The price of carbon has lost almost two-thirds of its value in the past six months, threatening future investments in the energy sector and undermining confidence in the second phase of Europe’s Emissions Trading Scheme (ETS). An EU permit to emit one tonne of CO2 cost 10.15 Euros (8.86 Pounds) at the end of last week, down from 28.50 Euros in mid-2008 and a far cry from forecasts of up to 40 Euros.
The most bearish experts are now predicting that the price could fall as low as 9 Euros as global recession, reduced manufacturing output, and the concomitant reduction in consumption of fossil fuels, feeds through to reduce the need for carbon emissions permits.
The danger is that business plans for infrastructure projects like power stations and wind farms will flounder. In the first phase of the EU ETS, which ran from 2005 to 2008, permits were vastly over-issued, pushing the price of carbon to less than 1 Euro and rendering the mechanism meaningless as a predictable revenue stream.
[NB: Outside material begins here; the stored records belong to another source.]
(* Let $R:\mathbb R^N\to\mathbb R\cup\{+\infty\}$ be a polyhedral function of the form $$R(x)=\max_{i=1,\dots,k}\{\langle a_i,x\rangle-\alpha_i\}+\iota_{\bigcap_{i=k+1}^m\{x:\langle a_i,x\rangle-\alpha_i\le0\}}(x),$$ with $1\le k\le m$, $a_i\in\mathbb R^N$, $\alpha_i\in\mathbb R$, and $\mathrm{dom}(R)\neq\emptyset$. For $x\in\mathrm{dom}(R)$ let $I^{\max}(x)=\{i\in\{1,\dots,k\}:\langle a_i,x\rangle-\alpha_i=R(x)\}$, $I^{\mathrm{feas}}(x)=\{i\in\{k+1,\dots,m\}:\langle a_i,x\rangle=\alpha_i\}$, and for $I\subset\{1,\dots,m\}$ set $M_I=\{x\in\mathrm{dom}(R):I^{\max}(x)\cup I^{\mathrm{feas}}(x)=I\}$ and $M_I^*=\mathrm{ri}(\mathrm{conv}\{a_i:i\in I\cap\{1,\dots,k\}\})+\mathrm{ri}(\mathrm{cone}\{a_i:i\in I\cap\{k+1,\dots,m\}\})$ (with $\mathrm{cone}\,\emptyset=\{0\}$). Then $\{M_I: M_I\neq\emptyset\}$ is a stratification of $\mathrm{dom}(R)$, $J_R(M_I)=M_I^*$ and $J_{R^*}(M_I^* )=M_I$ whenever $M_I\neq\emptyset$, and $R$ is mirror-stratifiable with respect to $\{M_I\}_{M_I\ne\emptyset}$ and $\{M_I^*\}_{M_I\ne\emptyset}$.
   Context: $\iota_C$ denotes the indicator function of $C$ (0 on $C$, $+\infty$ outside); $\mathrm{ri}$ is the relative interior, $\mathrm{conv}$ the convex hull, $\mathrm{cone}$ the convex conic hull. A stratification of a set $D$ is a finite partition $\mathcal S$ of $D$ into nonempty sets called strata such that for any strata $M,M'$, $M\cap\mathrm{cl}(M')\neq\emptyset$ implies $M\subset\mathrm{cl}(M')$; ordered by $M\le M'$ iff $M\subset\mathrm{cl}(M')$. For a proper lsc convex $R$ with conjugate $R^*$, $J_R(S)=\bigcup_{x\in S}\mathrm{ri}(\partial R(x))$ and $J_{R^*}$ analogously. $R$ is mirror-stratifiable with respect to a stratification $\mathcal S$ of $\mathrm{dom}(\partial R)$ and a stratification $\mathcal S^*$ of $\mathrm{dom}(\partial R^* )$ if (i) $J_R$ maps $\mathcal S$ bijectively onto $\mathcal S^*$ with inverse $J_{R^*}$, i.e. for all $M\in\mathcal S$, $M^*\in\mathcal S^*$: $M^*=J_R(M)\iff J_{R^*}(M^* )=M$; and (ii) for all $M,M'\in\mathcal S$: $M\le M'\iff J_R(M)\ge J_R(M')$. *)

theory Defs
  imports "HOL-Analysis.Analysis"
begin

text \<open>Convex conic hull: smallest convex cone containing S and 0 (so it is {0} for S empty).\<close>
definition ccone :: "'a::real_vector set \<Rightarrow> 'a set" where
  "ccone S = (\<lambda>T. convex T \<and> cone T \<and> 0 \<in> T) hull S"

definition subdiff :: "('a::real_inner \<Rightarrow> ereal) \<Rightarrow> 'a \<Rightarrow> 'a set" where
  "subdiff f x = (if \<bar>f x\<bar> \<noteq> \<infinity> then {g. \<forall>y. f y \<ge> f x + ereal (g \<bullet> (y - x))} else {})"

definition dom_subdiff :: "('a::real_inner \<Rightarrow> ereal) \<Rightarrow> 'a set" where
  "dom_subdiff f = {x. subdiff f x \<noteq> {}}"

definition fconj :: "('a::real_inner \<Rightarrow> ereal) \<Rightarrow> 'a \<Rightarrow> ereal" where
  "fconj f v = (SUP x. ereal (v \<bullet> x) - f x)"

definition JJ :: "('a::euclidean_space \<Rightarrow> ereal) \<Rightarrow> 'a set \<Rightarrow> 'a set" where
  "JJ f S = (\<Union>x\<in>S. rel_interior (subdiff f x))"

definition is_stratification :: "'a::topological_space set \<Rightarrow> 'a set set \<Rightarrow> bool" where
  "is_stratification D \<S> \<longleftrightarrow>
     finite \<S> \<and> (\<forall>M\<in>\<S>. M \<noteq> {}) \<and> \<Union>\<S> = D \<and>
     (\<forall>M\<in>\<S>. \<forall>M'\<in>\<S>. M \<noteq> M' \<longrightarrow> M \<inter> M' = {}) \<and>
     (\<forall>M\<in>\<S>. \<forall>M'\<in>\<S>. M \<inter> closure M' \<noteq> {} \<longrightarrow> M \<subseteq> closure M')"

definition mirror_stratifiable ::
  "('a::euclidean_space \<Rightarrow> ereal) \<Rightarrow> 'a set set \<Rightarrow> 'a set set \<Rightarrow> bool" where
  "mirror_stratifiable R \<S> \<S>s \<longleftrightarrow>
     is_stratification (dom_subdiff R) \<S> \<and>
     is_stratification (dom_subdiff (fconj R)) \<S>s \<and>
     bij_betw (JJ R) \<S> \<S>s \<and>
     (\<forall>M\<in>\<S>. \<forall>Ms\<in>\<S>s. Ms = JJ R M \<longleftrightarrow> JJ (fconj R) Ms = M) \<and>
     (\<forall>M\<in>\<S>. \<forall>M'\<in>\<S>. M \<subseteq> closure M' \<longleftrightarrow> JJ R M' \<subseteq> closure (JJ R M))"

definition polyR :: "nat \<Rightarrow> nat \<Rightarrow> (nat \<Rightarrow> 'a::euclidean_space) \<Rightarrow> (nat \<Rightarrow> real) \<Rightarrow> 'a \<Rightarrow> ereal" where
  "polyR k m a \<alpha> x =
     (if \<forall>i\<in>{k+1..m}. a i \<bullet> x - \<alpha> i \<le> 0
      then ereal (Max ((\<lambda>i. a i \<bullet> x - \<alpha> i) ` {1..k})) else \<infinity>)"

definition edom :: "('a \<Rightarrow> ereal) \<Rightarrow> 'a set" where
  "edom f = {x. f x < \<infinity>}"

definition Imax :: "nat \<Rightarrow> nat \<Rightarrow> (nat \<Rightarrow> 'a::euclidean_space) \<Rightarrow> (nat \<Rightarrow> real) \<Rightarrow> 'a \<Rightarrow> nat set" where
  "Imax k m a \<alpha> x = {i\<in>{1..k}. ereal (a i \<bullet> x - \<alpha> i) = polyR k m a \<alpha> x}"

definition Ifeas :: "nat \<Rightarrow> nat \<Rightarrow> (nat \<Rightarrow> 'a::euclidean_space) \<Rightarrow> (nat \<Rightarrow> real) \<Rightarrow> 'a \<Rightarrow> nat set" where
  "Ifeas k m a \<alpha> x = {i\<in>{k+1..m}. a i \<bullet> x = \<alpha> i}"

definition MI :: "nat \<Rightarrow> nat \<Rightarrow> (nat \<Rightarrow> 'a::euclidean_space) \<Rightarrow> (nat \<Rightarrow> real) \<Rightarrow> nat set \<Rightarrow> 'a set" where
  "MI k m a \<alpha> I = {x\<in>edom (polyR k m a \<alpha>). Imax k m a \<alpha> x \<union> Ifeas k m a \<alpha> x = I}"

definition MIs :: "nat \<Rightarrow> nat \<Rightarrow> (nat \<Rightarrow> 'a::euclidean_space) \<Rightarrow> nat set \<Rightarrow> 'a set" where
  "MIs k m a I = {u + v | u v. u \<in> rel_interior (convex hull (a ` (I \<inter> {1..k}))) \<and>
                              v \<in> rel_interior (ccone (a ` (I \<inter> {k+1..m})))}"

end

theory Submission
  imports Defs
begin

text \<open>
  On its domain R is the maximum of the affine pieces \<open>\<langle>a\<^sub>i, x\<rangle> - \<alpha>\<^sub>i\<close>, \<open>i \<le> k\<close>, and its
  subdifferential at x is generated by the indices active at x: \<open>\<partial>R(x)\<close> is the convex hull of the
  active \<open>a\<^sub>i\<close>, \<open>i \<le> k\<close>, plus the cone of the active \<open>a\<^sub>j\<close>, \<open>j > k\<close>; its relative interior is
  \<open>M\<^sup>*\<^sub>I\<close> for \<open>I = I(x)\<close>. Conversely, for v in \<open>M\<^sup>*\<^sub>K\<close>, written with strictly positive weights,
  the Fenchel-Young gap \<open>R(y) + R\<^sup>*(v) - \<langle>v, y\<rangle>\<close> is a positive combination of the slacks of the
  indices in K, so \<open>\<partial>R\<^sup>*(v)\<close> is the face of points where all of K is active, whose relative
  interior is \<open>M\<^sub>K\<close>. Every v with \<open>\<partial>R\<^sup>*(v) \<noteq> {}\<close> lies in some \<open>M\<^sup>*\<^sub>K\<close>: take z in
  \<open>\<partial>R\<^sup>*(v)\<close> with the fewest active indices; if v were on the relative boundary of \<open>\<partial>R(z)\<close>,
  moving z along the supporting direction would stay in \<open>\<partial>R\<^sup>*(v)\<close> and force that direction to be
  constant on \<open>\<partial>R(z)\<close>. Both closure orders then reduce to inclusion of index sets.
\<close>

lemma ccone_eq_convex_cone_hull: "ccone S = convex_cone hull S"
proof -
  have "(\<lambda>T. convex T \<and> cone T \<and> 0 \<in> T) = convex_cone"
    by (auto simp: fun_eq_iff convex_cone_def conic_def cone_def) (metis order_refl scaleR_zero_left)
  then show ?thesis
    unfolding ccone_def by (rule arg_cong[where f = "\<lambda>P. P hull S"])
qed

lemma convex_cone_hull_image_eq_sum_rays:
  assumes "finite A"
  shows "convex_cone hull (a ` A) = (\<Sum>i\<in>A. (\<lambda>t. t *\<^sub>R a i) ` {0..})"
  using assms
proof (induction A rule: finite_induct)
  case (insert i A)
  have "convex_cone hull (a ` insert i A) = convex_cone hull {a i} + convex_cone hull (a ` A)"
    using convex_cone_hull_Un[of "{a i}" "a ` A"] by (simp add: set_plus_def) blast
  also have "convex_cone hull {a i} = (\<lambda>t. t *\<^sub>R a i) ` {0..}"
    by (auto simp: convex_cone_hull_convex_hull_nonempty)
  finally show ?case
    using insert by simp
qed simp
A major price drop in the second phase of the scheme, which runs to 2012, could cause a repeat crisis of confidence by throwing future projections into question. Jeff Chapman, the chief executive of the Carbon Capture and Storage Association, said: “The problem is that investors can’t bank on a future value of carbon. It is impossible to take a project proposal to a bank based on a future price because we have seen the price collapse once before, and it is now doing it again.”
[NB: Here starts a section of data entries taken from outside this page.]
text \<open>Standard monomials are linearly independent on A: a vanishing combination of exponents
  in D(A) would be a polynomial in I(A) whose leading exponent lies in D(A).\<close>
lemma standard_monomials_independent:
  fixes A :: "(nat \<Rightarrow> 'k::comm_ring_1) set"
  assumes to: "term_order n tord" and finM: "finite M" and MD: "M \<subseteq> Dset n tord A"
    and van: "\<forall>x\<in>A. (\<Sum>a\<in>M. c a * mon a x) = 0"
  shows "\<forall>a\<in>M. c a = 0"
proof -
  define f :: "'k mpoly" where "f = Abs_poly_mapping (\<lambda>a. if a \<in> M then c a else 0)"
  have "finite {a. (if a \<in> M then c a else 0) \<noteq> 0}"
    using finM by (rule rev_finite_subset) auto
  then have lf: "Poly_Mapping.lookup f = (\<lambda>a. if a \<in> M then c a else 0)"
    unfolding f_def by simp
  have kf: "Poly_Mapping.keys f \<subseteq> M" by (auto simp: in_keys_iff lf split: if_splits)
  have fpoly: "f \<in> polys n" using kf MD by (auto simp: polys_def Dset_def)
  have "eval f x = (\<Sum>a\<in>M. Poly_Mapping.lookup f a * mon a x)" for x
    unfolding eval_mon by (rule sum.mono_neutral_left) (use finM kf in \<open>auto simp: in_keys_iff\<close>)
  then have "f \<in> vanishing_ideal n A"
    using fpoly van by (simp add: vanishing_ideal_def lf)
  have "f = 0"
  proof (rule ccontr)
    assume "f \<noteq> 0"
    then have "LE tord f \<in> Cset n tord A"
      unfolding Cset_def using \<open>f \<in> vanishing_ideal n A\<close> by blast
    moreover have "LE tord f \<in> M" using LE_in_keys[OF to fpoly \<open>f \<noteq> 0\<close>] kf by blast
    ultimately show False using MD by (auto simp: Dset_def)
  qed
  then show ?thesis using lf by (metis lookup_zero)
qed

global_interpretation fun_space: vector_space "\<lambda>(c::'k::field) (f::'a \<Rightarrow> 'k). \<lambda>x. c * f x"
  by unfold_locales (auto simp: fun_eq_iff algebra_simps)

lemma sum_apply_fun: "(sum f A) x = sum (\<lambda>a. f a x) A"
  by (induction A rule: infinite_finite_induct) auto

lemma fun_space_subspace_preimage:
  fixes L :: "('a \<Rightarrow> 'k::field) \<Rightarrow> ('b \<Rightarrow> 'k)"
  assumes "\<And>x y. L (x + y) = L x + L y" "\<And>c x. L (\<lambda>z. c * x z) = (\<lambda>z. c * L x z)" "L 0 = 0"
  shows "fun_space.subspace {x. L x \<in> fun_space.span T}"
  unfolding fun_space.subspace_def
  using assms fun_space.span_zero fun_space.span_add fun_space.span_scale by auto

definition param_monos :: "nat \<Rightarrow> nat \<Rightarrow> ((nat \<Rightarrow> 'k::comm_semiring_1) \<Rightarrow> 'k) set" where
  "param_monos d s = mon ` deg_monoms {..<d} s"

lemma param_monos_mono: "s \<le> s' \<Longrightarrow> param_monos d s \<subseteq> param_monos d s'"
  unfolding param_monos_def using deg_monoms_mono by blast

lemma span_mult_param:
  fixes f :: "(nat \<Rightarrow> 'k::field) \<Rightarrow> 'k"
  assumes "f \<in> fun_space.span (param_monos d s)" "k < d"
  shows "(\<lambda>t. f t * t k) \<in> fun_space.span (param_monos d (Suc s))"
  using assms(1)
proof (induction rule: fun_space.span_induct)
  case base
  show ?case by (rule fun_space_subspace_preimage) (auto simp: fun_eq_iff algebra_simps)
next
  case (step x)
  then obtain b where b: "b \<in> deg_monoms {..<d} s" "x = mon b" by (auto simp: param_monos_def)
  have "b + Poly_Mapping.single k 1 \<in> deg_monoms {..<d} (Suc s)"
    using b(1) assms(2) keys_add[of b "Poly_Mapping.single k (1::nat)"]
    by (auto simp: deg_monoms_def mdeg_add)
  moreover have "(\<lambda>t. x t * t k) = mon (b + Poly_Mapping.single k 1)"
    by (intro ext) (simp only: b(2) mon_add_single)
  ultimately show ?case by (auto simp: param_monos_def intro!: fun_space.span_base)
qed

lemma mon_param_span:
  fixes p :: "nat \<Rightarrow> 'k::field" and v :: "nat \<Rightarrow> nat \<Rightarrow> 'k"
  shows "(\<lambda>t. mon a (\<lambda>j. p j + (\<Sum>i<d. t i * v i j))) \<in> fun_space.span (param_monos d (mdeg a))"
proof (induction "mdeg a" arbitrary: a)
  case 0
  then have "a = 0" by (simp add: mdeg_eq_0)
  moreover have "(0::mono) \<in> deg_monoms {..<d} 0" by (simp add: deg_monoms_def)
  ultimately show ?case
    by (auto simp: param_monos_def mon_def intro!: fun_space.span_base image_eqI[of _ _ 0])
next
  case (Suc k)
  obtain i b where ab: "a = b + Poly_Mapping.single i 1" and bk: "mdeg b = k"
    using mdeg_Suc_decomp[of a k] Suc.hyps(2) by metis
  define F where "F = (\<lambda>t. mon b (\<lambda>j. p j + (\<Sum>i<d. t i * v i j)))"
  have F: "F \<in> fun_space.span (param_monos d k)" using Suc.hyps(1)[of b] bk by (simp add: F_def)
  then have Fs: "F \<in> fun_space.span (param_monos d (Suc k))"
    using fun_space.span_mono[OF param_monos_mono[of k "Suc k" d]] by auto
  have eq: "(\<lambda>t. mon a (\<lambda>j. p j + (\<Sum>i<d. t i * v i j))) =
      (\<lambda>x. p i * F x) + (\<Sum>l<d. (\<lambda>x. v l i * (\<lambda>t. F t * t l) x))"
    unfolding ab mon_add_single
    by (simp add: fun_eq_iff sum_apply_fun F_def algebra_simps sum_distrib_left)
  have "(\<lambda>x. p i * F x) \<in> fun_space.span (param_monos d (Suc k))"
    using Fs by (rule fun_space.span_scale)
  moreover have "(\<Sum>l<d. (\<lambda>x. v l i * (\<lambda>t. F t * t l) x)) \<in> fun_space.span (param_monos d (Suc k))"
    by (intro fun_space.span_sum fun_space.span_scale span_mult_param[OF F]) simp
  ultimately show ?case unfolding eq using Suc.hyps(2) by (auto intro: fun_space.span_add)
qed

subsection \<open>At most #\<P> d-planes in D(\<Union>\<P>)\<close>

lemma affine_dplane_param:
  assumes "affine_dplane n d (S :: (nat \<Rightarrow> 'k::field) set)"
  shows "\<exists>q. (\<exists>p v. q = (\<lambda>t j. p j + (\<Sum>i<d. t i * v i j))) \<and> S = range q"
  using assms unfolding affine_dplane_def by blast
There are now questions about whether government policies might change as the economic climate worsens. Paul Golby, the chief executive of E.ON, said: “There is a confidence issue around whether governments will keep their nerve. The plan was to keep tightening the carbon market to push the price up and encourage low-carbon investment. The question now is whether governments back away from that, and seek to ameliorate the effect of the recession on hard-hit industries by keeping the carbon price low.”
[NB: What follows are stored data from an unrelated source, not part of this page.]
lemma coverage_upper: "coverage g \<alpha> (2 * d0) \<le> G d1 - G (- d0)"
proof -
  let ?Z = "{z. g z = 0}"
  have null: "measure M ?Z = 0" by (rule null_set_M) auto
  have "{z. z + 2 * d0 \<in> covering_set (2 * d0)} \<subseteq> {- d0..d1} \<union> ?Z"
  proof
    fix z assume "z \<in> {z. z + 2 * d0 \<in> covering_set (2 * d0)}"
    then show "z \<in> {- d0..d1} \<union> ?Z" using covers_2d0_only_centered[of z] by simp
  qed
  then have "measure M {z. z + 2 * d0 \<in> covering_set (2 * d0)} \<le> measure M ({- d0..d1} \<union> ?Z)"
    using covering_set_measurable
    by (intro finite_measure_mono) (auto simp: measurable_sets_borel)
  also have "\<dots> \<le> measure M {- d0..d1} + measure M ?Z"
    by (intro measure_Un_le) auto
  also have "\<dots> = G d1 - G (- d0)"
    using G_closed_interval[of "- d0" d1] null d0_pos d0_le_d1 by simp
  finally show ?thesis using coverage_eq by simp
qed

end

theorem lemma6:
  fixes g :: "real \<Rightarrow> real" and \<alpha> \<theta> :: real
  assumes "sym_unimodal_logconcave_density g"
    and "0 < \<alpha>" and "\<alpha> < 1"
    and "0 \<le> \<theta>" and "\<theta> \<le> hpd_d1 g \<alpha>"
  shows "coverage g \<alpha> \<theta> \<ge> coverage g \<alpha> (2 * hpd_d0 g \<alpha>)"
proof -
  interpret hpd_setting g \<alpha> using assms(1-3) by unfold_locales
  have bounds_agree: "G d0 - G (- d1) = G d1 - G (- d0)"
    using G_sym[of d0] G_sym[of d1] by simp
  show ?thesis
    using coverage_upper coverage_lower[OF assms(4,5)] bounds_agree by simp
qed

end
Supporters of the trading scheme interpret the fluctuations of the carbon price in line with wider economic indicators as evidence of a mature and well-functioning market. Henrik Hasselknippe, the director of Carbon Analysis at PointCarbon, said: “What we are seeing now is carbon functioning as a commodity and reacting to the same fundamentals as any other market in the world. It would be much more worrying if carbon stayed high because that would indicate something was wrong.”
But the low price is already having a tangible effect. Under the Kyoto Protocol’s Clean Development Mechanism (CDM), industrialised countries can invest in overseas low-carbon projects as a cheaper alternative to pursuing such schemes at home. But with EU carbon prices coming down to within an ace of costs in China or India, the differential is no longer enough justification. “At the moment, people are holding off investing in these projects because profitability is dwindling with lower emissions prices,” Mr Hasselknippe said. “Saving just one extra euro isn’t enough to make people go to China.”
Despite the gloom in the rest of the economy, carbon trading has flourished since the start of phase two of the EU ETS last January, under which fewer permits were issued, and a proportion will be auctioned for the first time. Last year was a bumper year for the European Climate Exchange (ECX). Some 2.8bn tonnes of emissions were traded, a massive 170 per cent rise on 2007. Patrick Birley, the ECX chief executive, said: “The exchange had a fantastic year, although it was hard to walk around the City feeling good about our volumes when so many of our friends were being clubbed.”